## Activity:
For the records below, say how many lines contain the string "exists". Give the number only.

(Stored data)

(* Let $\mathcal{E}^\ell$ be a left (resp. right) simple infinitesimal earthquake along a geodesic $\ell$ of $\mathbb{H}^2$, and let $S_1,S_2$ be two strata of the lamination $\{\ell\}$. Let $Y=\mathrm{Comp}(S_1,S_2)=K_{S_2}-K_{S_1}=\Lambda(\sigma)$ be the comparison Killing field, and let $\phi_Y(\eta)=\langle(1,\eta),\sigma\rangle$ for $\eta\in\overline{\mathbb{D}^2}$ (on $\mathbb{S}^1$ this is the support function of $Y$). Then $\phi_Y(x)\ge0$ (resp. $\phi_Y(x)\le0$) for every $x$ in the closure $\overline{S_2}\subset\overline{\mathbb{D}^2}$, and $\phi_Y(x)\le0$ (resp. $\phi_Y(x)\ge0$) for every $x\in\overline{S_1}$.
   Context: $\mathbb{R}^{1,2}$ is $\mathbb{R}^3$ with $\langle x,y\rangle=-x_0y_0+x_1y_1+x_2y_2$; $\mathbb{H}^2$ is identified with the Klein disk $\mathbb{D}^2$ (boundary $\mathbb{S}^1$) via $\Pi(x_0,x_1,x_2)=(x_1/x_0,x_2/x_0)$. Killing fields: $\Lambda(\sigma):\eta\mapsto\mathrm{d}_{(1,\eta)}\Pi((1,\eta)\boxtimes\sigma)$ with $\langle x\boxtimes y,v\rangle=\det(x,y,v)$; hyperbolic if $\langle\sigma,\sigma\rangle>0$, axis $\Pi(\mathbb{H}^2\cap\sigma^\perp)$. The support function of a vector field $Y$ on $\mathbb{S}^1$ is $\phi_Y$ with $Y(z)=iz\phi_Y(z)$; for $Y=\Lambda(\sigma)$ it equals $z\mapsto\langle(1,z),\sigma\rangle$. A simple infinitesimal earthquake along $\ell$ is an infinitesimal earthquake along the lamination $\{\ell\}$, whose strata are $\ell$ and the two components of $\mathbb{D}^2\setminus\ell$. A left (resp. right) infinitesimal earthquake along a lamination: a vector field on $\mathbb{H}^2$ equal on each stratum $S$ to a Killing field $K_S$, such that for strata $S,S'$, $\mathfrak{a}=K_{S'}-K_S$ vanishes only if one of $S,S'$ is in the closure of the other, and otherwise is hyperbolic with axis $\ell'$ weakly separating $S,S'$ and translating to the left (resp. right) seen from $S$ to $S'$ (for an arc $c$ from $S$ to $S'$ crossing $\ell'$ once at $x_0=c(t_0)$ and $w$ tangent to $\ell'$ at $x_0$ pointing towards $\exp(t\mathfrak{a})x_0$, $t>0$, $(c'(t_0),w)$ is positively, resp. negatively, oriented). *)

theory Defs
  imports "HOL-Analysis.Analysis"
begin

text \<open>Minkowski space R^{1,2}: vectors of type real^3, components x$1, x$2, x$3
  play the roles of x_0, x_1, x_2.\<close>

definition mink :: "real^3 \<Rightarrow> real^3 \<Rightarrow> real" where
  "mink x y = - x$1 * y$1 + x$2 * y$2 + x$3 * y$3"

definition mcross :: "real^3 \<Rightarrow> real^3 \<Rightarrow> real^3" where
  "mcross x y = vector [ -(x$2 * y$3 - x$3 * y$2),
                          x$3 * y$1 - x$1 * y$3,
                          x$1 * y$2 - x$2 * y$1 ]"

lemma mink_mcross: "mink (mcross x y) v = det (vector [x, y, v] :: real^3^3)"
  by (simp add: mink_def mcross_def det_3 algebra_simps)

definition hyp :: "(real^3) set" where
  "hyp = {x. mink x x = -1 \<and> x$1 > 0}"

definition Pi_proj :: "real^3 \<Rightarrow> complex" where
  "Pi_proj x = Complex (x$2 / x$1) (x$3 / x$1)"

definition disk :: "complex set" where
  "disk = ball 0 1"

definition lift :: "complex \<Rightarrow> real^3" where
  "lift \<eta> = vector [1, Re \<eta>, Im \<eta>]"

definition Lam :: "real^3 \<Rightarrow> complex \<Rightarrow> complex" where
  "Lam \<sigma> \<eta> = frechet_derivative Pi_proj (at (lift \<eta>)) (mcross (lift \<eta>) \<sigma>)"

definition hyperbolic :: "real^3 \<Rightarrow> bool" where
  "hyperbolic \<sigma> \<longleftrightarrow> mink \<sigma> \<sigma> > 0"

definition axis :: "real^3 \<Rightarrow> complex set" where
  "axis \<sigma> = Pi_proj ` (hyp \<inter> {x. mink x \<sigma> = 0})"

definition phi :: "real^3 \<Rightarrow> complex \<Rightarrow> real" where
  "phi \<sigma> \<eta> = mink (lift \<eta>) \<sigma>"

text \<open>Geodesics of the Klein disk: open chords with endpoints on the unit circle.\<close>
definition geodesic :: "complex set \<Rightarrow> bool" where
  "geodesic l \<longleftrightarrow> (\<exists>a b. a \<noteq> b \<and> norm a = 1 \<and> norm b = 1 \<and> l = open_segment a b)"

definition lamination_strata :: "complex set set \<Rightarrow> complex set set" where
  "lamination_strata L = L \<union> components (disk - \<Union>L)"

definition weakly_separates :: "complex set \<Rightarrow> complex set \<Rightarrow> complex set \<Rightarrow> bool" where
  "weakly_separates l A B \<longleftrightarrow>
     (\<exists>C C'. C \<in> components (disk - l) \<and> C' \<in> components (disk - l) \<and> C \<noteq> C'
        \<and> A \<subseteq> closure C \<and> B \<subseteq> closure C')"

definition orient :: "complex \<Rightarrow> complex \<Rightarrow> real" where
  "orient u v = Re u * Im v - Im u * Re v"

text \<open>Integral curves of a vector field (used for t |-> exp(t a) x0).\<close>
definition flow_line :: "(complex \<Rightarrow> complex) \<Rightarrow> (real \<Rightarrow> complex) \<Rightarrow> complex \<Rightarrow> bool" where
  "flow_line X \<gamma> x0 \<longleftrightarrow> \<gamma> 0 = x0 \<and> (\<forall>t. (\<gamma> has_vector_derivative X (\<gamma> t)) (at t))"

definition tangent_towards :: "real^3 \<Rightarrow> complex set \<Rightarrow> complex \<Rightarrow> complex \<Rightarrow> bool" where
  "tangent_towards a l x0 w \<longleftrightarrow>
     w \<noteq> 0 \<and> (\<exists>e>0. \<forall>s. \<bar>s\<bar> < e \<longrightarrow> x0 + of_real s * w \<in> l)
     \<and> (\<forall>\<gamma>. flow_line (Lam a) \<gamma> x0 \<longrightarrow> (\<forall>t>0. \<exists>s>0. \<gamma> t = x0 + of_real s * w))"

text \<open>The hyperbolic field Lambda(a) with axis l translates to the left (eps = 1)
  resp. right (eps = -1) seen from A to B.\<close>
definition translates :: "real \<Rightarrow> real^3 \<Rightarrow> complex set \<Rightarrow> complex set \<Rightarrow> complex set \<Rightarrow> bool" where
  "translates eps a l A B \<longleftrightarrow>
     (\<forall>c t0 v w. arc c \<and> path_image c \<subseteq> disk \<and> pathstart c \<in> A \<and> pathfinish c \<in> B
        \<and> {t \<in> {0..1}. c t \<in> l} = {t0}
        \<and> (c has_vector_derivative v) (at t0 within {0..1})
        \<and> tangent_towards a l (c t0) w \<and> orient v w \<noteq> 0
        \<longrightarrow> eps * orient v w > 0)"

definition inf_earthquake ::
  "real \<Rightarrow> complex set set \<Rightarrow> (complex \<Rightarrow> complex) \<Rightarrow> (complex set \<Rightarrow> real^3) \<Rightarrow> bool" where
  "inf_earthquake eps L E K \<longleftrightarrow>
     (\<forall>S\<in>lamination_strata L. \<forall>\<eta>\<in>S. E \<eta> = Lam (K S) \<eta>) \<and>
     (\<forall>S\<in>lamination_strata L. \<forall>S'\<in>lamination_strata L.
        ((\<forall>\<eta>\<in>disk. Lam (K S' - K S) \<eta> = 0) \<longrightarrow> S \<subseteq> closure S' \<or> S' \<subseteq> closure S) \<and>
        (\<not> (\<forall>\<eta>\<in>disk. Lam (K S' - K S) \<eta> = 0) \<longrightarrow>
           hyperbolic (K S' - K S) \<and> weakly_separates (axis (K S' - K S)) S S' \<and>
           translates eps (K S' - K S) (axis (K S' - K S)) S S'))"

definition left_inf_earthquake where "left_inf_earthquake = inf_earthquake 1"
definition right_inf_earthquake where "right_inf_earthquake = inf_earthquake (-1)"

end

theory Submission
  imports Defs
begin

text \<open>Write \<open>\<sigma> = K S2 - K S1\<close>. The function \<open>phi \<sigma>\<close> is affine on the Klein disk and
  vanishes exactly on the axis of \<open>\<sigma>\<close>, so it has a constant strict sign on each side of the
  axis, opposite signs on the two sides, and by continuity weak signs on their closures. Since
  the axis weakly separates \<open>S1\<close> from \<open>S2\<close>, only the overall sign \<open>\<delta> = \<plusminus>1\<close> remains to
  be determined. The flow of \<open>Lam \<sigma>\<close> preserves the axis and moves its points in the direction
  \<open>axis_dir \<sigma>\<close>. For the straight segment from a point \<open>p\<close> of \<open>S1\<close> to a point \<open>q\<close> of \<open>S2\<close>
  the orientation of the pair (velocity, \<open>axis_dir \<sigma>\<close>) equals \<open>phi \<sigma> q - phi \<sigma> p\<close>. So the
  translation condition of the earthquake forces \<open>\<delta>\<close> to be the sign \<open>\<epsilon>\<close> of the earthquake.\<close>

text \<open>The axis is the chord \<open>phi \<sigma> = 0\<close> with normal \<open>(\<sigma>$2, \<sigma>$3)\<close>; \<open>axis_dir \<sigma>\<close> is that normal
  rotated by a quarter turn.\<close>

definition axis_dir :: "real^3 \<Rightarrow> complex" where
  "axis_dir \<sigma> = Complex (- \<sigma>$3) (\<sigma>$2)"

lemma phi_conv: "phi \<sigma> \<eta> = - \<sigma>$1 + Re \<eta> * \<sigma>$2 + Im \<eta> * \<sigma>$3"
  by (simp add: phi_def mink_def lift_def)

lemma continuous_on_phi [continuous_intros]: "continuous_on S (phi \<sigma>)"
  unfolding phi_conv[abs_def] by (intro continuous_intros)

lemma phi_affine: "phi \<sigma> ((1 - t) *\<^sub>R p + t *\<^sub>R q) = (1 - t) * phi \<sigma> p + t * phi \<sigma> q"
  by (simp add: phi_conv algebra_simps)

lemma orient_axis_dir: "orient (q - p) (axis_dir \<sigma>) = phi \<sigma> q - phi \<sigma> p"
  by (simp add: orient_def axis_dir_def phi_conv algebra_simps)

lemma hyperbolic_imp_axis_dir_nonzero:
  assumes "hyperbolic \<sigma>" shows "axis_dir \<sigma> \<noteq> 0"
  using assms by (auto simp: hyperbolic_def mink_def axis_dir_def complex_eq_iff)

lemma has_derivative_Pi_proj:
  assumes "x$1 = 1"
  shows "(Pi_proj has_derivative (\<lambda>v. Complex (v$2 - x$2 * v$1) (v$3 - x$3 * v$1))) (at x)"
proof -
  have Pi_proj_eq: "Pi_proj = (\<lambda>x. of_real (x$2 / x$1) + \<i> * of_real (x$3 / x$1))"
    by (auto simp: Pi_proj_def fun_eq_iff complex_eq_iff)
  have "((\<lambda>x. of_real (x$2 / x$1) + \<i> * of_real (x$3 / x$1)) has_derivative
     (\<lambda>v. of_real ((v$2 * x$1 - x$2 * v$1) / (x$1 * x$1))
        + \<i> * of_real ((v$3 * x$1 - x$3 * v$1) / (x$1 * x$1)))) (at x)"
    using assms
    by (auto intro!: derivative_eq_intros bounded_linear.has_derivative[OF bounded_linear_vec_nth]
          simp: field_simps)
  then show ?thesis unfolding Pi_proj_eq
    by (rule has_derivative_eq_rhs) (use assms in \<open>auto simp: fun_eq_iff complex_eq_iff\<close>)
qed

lemma Lam_conv:
  "Lam \<sigma> \<eta> = Complex (Im \<eta> * \<sigma>$1 - \<sigma>$3 - Re \<eta> * Im \<eta> * \<sigma>$2 + (Re \<eta>)^2 * \<sigma>$3)
                      (\<sigma>$2 - Re \<eta> * \<sigma>$1 - (Im \<eta>)^2 * \<sigma>$2 + Re \<eta> * Im \<eta> * \<sigma>$3)"
proof -
  have lift_1: "lift \<eta> $ 1 = 1" by (simp add: lift_def)
  show ?thesis
    unfolding Lam_def frechet_derivative_at[OF has_derivative_Pi_proj[OF lift_1], symmetric]
    by (simp add: mcross_def lift_def power2_eq_square algebra_simps)
qed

## Response:
4